Calls for targeted immigration reform are growing louder from economists who say the United States’ supply of highly skilled workers cannot keep pace with increasing demand from its young businesses. Especially in technology and manufacturing fields, many believe foreign-born talent is needed to help firms reach their potential.

The BCG study suggests the dearth in highly skilled manufacturing workers is much smaller than some have reported. (Victor J. Blue/BLOOMBERG)

Conducted by the Boston Consulting Group, the study indicates that a “skills gap” indeed exists but that it’s not nearly large enough to spur panic or broad policy changes. The U.S. manufacturing industry is short roughly 80,000 to 100,000 highly skilled workers, according to the research, but that represents less than 1 percent of the American manufacturing industry’s total workforce.

Moreover, a severe gap was found in only seven states, six of which fall in the bottom quartile in terms of annual manufacturing output.

“Shortages of highly skilled manufacturing workers exist and must be addressed, but the numbers aren’t as bad as many believe,” Harold L. Sirkin, BCG senior partner and study co-author, said in a statement. “The problem is very localized.”

The findings counter other oft-cited studies that have suggested a need to provide easier immigration paths for highly trained, foreign-born workers..

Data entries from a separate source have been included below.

lemma flow_le_supersolution:
  assumes "continuous_on ({0..1} \<times> {0..}) (\<lambda>(x, t). U x t)"
    and "\<And>x t. x \<in> {0..1} \<Longrightarrow> t > 0 \<Longrightarrow>
      ((\<lambda>y. U y t) has_real_derivative Ux x t) (at x within {0..1})"
    and "\<And>x t. x \<in> {0..1} \<Longrightarrow> t > 0 \<Longrightarrow>
      ((\<lambda>\<tau>. U x \<tau>) has_real_derivative Ut x t) (at t within {0..})"
    and "\<And>x t. x \<in> {0..1} \<Longrightarrow> t > 0 \<Longrightarrow> residual U Ux Ut x t \<ge> 0"
    and "\<And>x. x \<in> {0..1} \<Longrightarrow> x \<le> U x 0"
    and "x \<in> {0..1}" "t \<ge> 0"
  shows "flow x t \<le> U x t"
proof (rule comparison_principle[where V = flow and Vx = flow_dx and U = U
      and Vt = "\<lambda>x t. s * (x - r) * (x - r - d) * flow_dx x t"])
  show "continuous_on ({0..1} \<times> {0..}) (\<lambda>(x, t). flow x t)"
    using flow_continuous_on by (rule continuous_on_subset) (use larger_root_ge_1 in auto)
  show "((\<lambda>y. flow y t) has_real_derivative flow_dx x t) (at x within {0..1})"
    if "x \<in> {0..1}" "t > 0" for x t
    using flow_has_derivative_x[OF le_larger_root[OF that(1)]] that
    by (simp add: has_field_derivative_at_within)
  show "((\<lambda>\<tau>. flow x \<tau>) has_real_derivative s * (x - r) * (x - r - d) * flow_dx x t) (at t within {0..})"
    if "x \<in> {0..1}" "t > 0" for x t
    using flow_has_derivative_t[OF le_larger_root[OF that(1)]] that
    by (simp add: has_field_derivative_at_within)
  show "residual flow flow_dx (\<lambda>x t. s * (x - r) * (x - r - d) * flow_dx x t) x t
      \<le> residual U Ux Ut x t" if "x \<in> {0..1}" "t > 0" for x t
    using flow_subsolution[of x t] assms(4)[of x t] that by simp
qed (use assms in auto)

end

theorem proposition4p4:
  fixes f0 f1 lam0 lam1 gam0 gam1 :: real
    and u ux ut :: "real \<Rightarrow> real \<Rightarrow> real"
    and X :: "real \<Rightarrow> real \<Rightarrow> real"
  defines "\<sigma> \<equiv> f0 - f1"
      and "m0 \<equiv> lam0 * gam0"
      and "m1 \<equiv> lam1 * gam1"
  assumes f0_pos: "f0 > 0" and f1_nonneg: "f1 \<ge> 0" and sigma_pos: "\<sigma> > 0"
    and lam0: "lam0 \<ge> 0" and lam1: "lam1 \<ge> 0"
    and gam0: "0 < gam0" "gam0 \<le> 1" and gam1: "0 < gam1" "gam1 \<le> 1"
    \<comment> \<open>u is a (smooth) solution of the Cauchy problem on [0,1] x [0,oo)\<close>
    and u_cont: "continuous_on ({0..1} \<times> {0..}) (\<lambda>(x, t). u x t)"
    and ux_cont: "continuous_on ({0..1} \<times> {0..}) (\<lambda>(x, t). ux x t)"
    and ut_cont: "continuous_on ({0..1} \<times> {0..}) (\<lambda>(x, t). ut x t)"
    and u_dx: "\<And>x t. x \<in> {0..1} \<Longrightarrow> t \<ge> 0 \<Longrightarrow>
                 ((\<lambda>y. u y t) has_real_derivative ux x t) (at x within {0..1})"
    and u_dt: "\<And>x t. x \<in> {0..1} \<Longrightarrow> t \<ge> 0 \<Longrightarrow>
                 ((\<lambda>s. u x s) has_real_derivative ut x t) (at t within {0..})"
    and u_pde: "\<And>x t. x \<in> {0..1} \<Longrightarrow> t > 0 \<Longrightarrow>
                 ut x t + \<sigma> * (1 - x) * x * ux x t
                 = lam0 * f0 * (u (x + gam0 * (1 - x)) t - u x t)
                 + lam1 * f1 * (u (x - gam1 * x) t - u x t)"
    and u_init: "\<And>x. x \<in> {0..1} \<Longrightarrow> u x 0 = x"
    \<comment> \<open>X x t is the solution at time t of the quasispecies ODE started at x\<close>
    and X_init: "\<And>x. x \<in> {0..1} \<Longrightarrow> X x 0 = x"
    and X_ode: "\<And>x t. x \<in> {0..1} \<Longrightarrow> t \<ge> 0 \<Longrightarrow>
                 ((\<lambda>s. X x s) has_real_derivative
                   (- \<sigma> * X x t * (1 - X x t) + m0 * f0 * (1 - X x t) - m1 * f1 * X x t))
                 (at t within {0..})"
  shows "\<forall>x\<in>{0..1}. \<forall>t\<ge>0. X x t \<le> u x t \<and> u x t \<le> 1"
proof -
  have "m0 * f0 \<ge> 0" "m1 * f1 \<ge> 0"
    using lam0 lam1 gam0 gam1 f0_pos f1_nonneg by (simp_all add: m0_def m1_def)
  then obtain r d where "d \<ge> 0" and "1 \<le> r + d" and factor:
      "\<And>y. - \<sigma> * y * (1 - y) + m0 * f0 * (1 - y) - m1 * f1 * y = \<sigma> * (y - r) * (y - r - d)"
    by (rule quasispecies_field_factorization[OF sigma_pos]) blast
  obtain F where F: "\<And>t. (F has_real_derivative \<sigma> * (1 + d * F t)) (at t)"
      "F 0 = 0" "\<And>t. t \<ge> 0 \<Longrightarrow> F t \<ge> 0"
    using linear_ode_nonneg_solution_exists[OF less_imp_le[OF sigma_pos], of d] by blast
  have drift: "\<sigma> * (y - r) * (y - r - d)
      = - \<sigma> * y * (1 - y) + lam0 * f0 * gam0 * (1 - y) - lam1 * f1 * gam1 * y" for y
    unfolding factor[symmetric] m0_def m1_def by (simp add: algebra_simps)
  interpret quasispecies_flow \<sigma> d r F \<sigma> "lam0 * f0" "lam1 * f1" gam0 gam1
    using F drift \<open>d \<ge> 0\<close> \<open>1 \<le> r + d\<close> lam0 lam1 f0_pos f1_nonneg gam0 gam1
    by unfold_locales auto
  have u_solves: "residual u ux ut x t = 0" if "x \<in> {0..1}" "t > 0" for x t
    using u_pde[OF that] by (simp add: residual_def)
  have X_flow: "X x t = flow x t" if x: "x \<in> {0..1}" and t: "t \<ge> 0" for x t
  proof (rule riccati_ode_unique[where s = \<sigma> and r = r and d = d, OF _ _ _ t])
    show "(X x has_real_derivative \<sigma> * (X x \<tau> - r) * (X x \<tau> - r - d)) (at \<tau> within {0..})"
      if "\<tau> \<ge> 0" for \<tau>
      using X_ode[OF x that] unfolding factor .
    show "(flow x has_real_derivative \<sigma> * (flow x \<tau> - r) * (flow x \<tau> - r - d)) (at \<tau> within {0..})"
      if "\<tau> \<ge> 0" for \<tau>
      using flow_ode[OF le_larger_root[OF x] that] by (rule has_field_derivative_at_within)
  qed (use X_init[OF x] in simp)
  have "flow x t \<le> u x t" if "x \<in> {0..1}" "t \<ge> 0" for x t
    by (rule flow_le_supersolution[where U = u and Ux = ux and Ut = ut])
      (use that u_cont u_dx u_dt u_solves u_init in auto)
  moreover have "u x t \<le> 1" if "x \<in> {0..1}" "t \<ge> 0" for x t
    by (rule subsolution_le_initial_bound[where V = u and Vx = ux and Vt = ut])
      (use that u_cont u_dx u_dt u_solves u_init in auto)
  ultimately show ?thesis
    using X_flow by simp
qed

The Kauffman Foundation earlier this month reported that the proportion of new companies founded by foreign-born entrepreneurs has slipped to 24.3 percent from 25.3 percent in the past six years after two decades of consistent growth. The decline was especially pronounced in Silicon Valley, one of the world’s greatest suppliers of fast-growing technology companies.

Researchers blamed much of the decline on increasingly strict immigration laws that they believe are making it more difficult for foreigners to start their enterprises in the United States.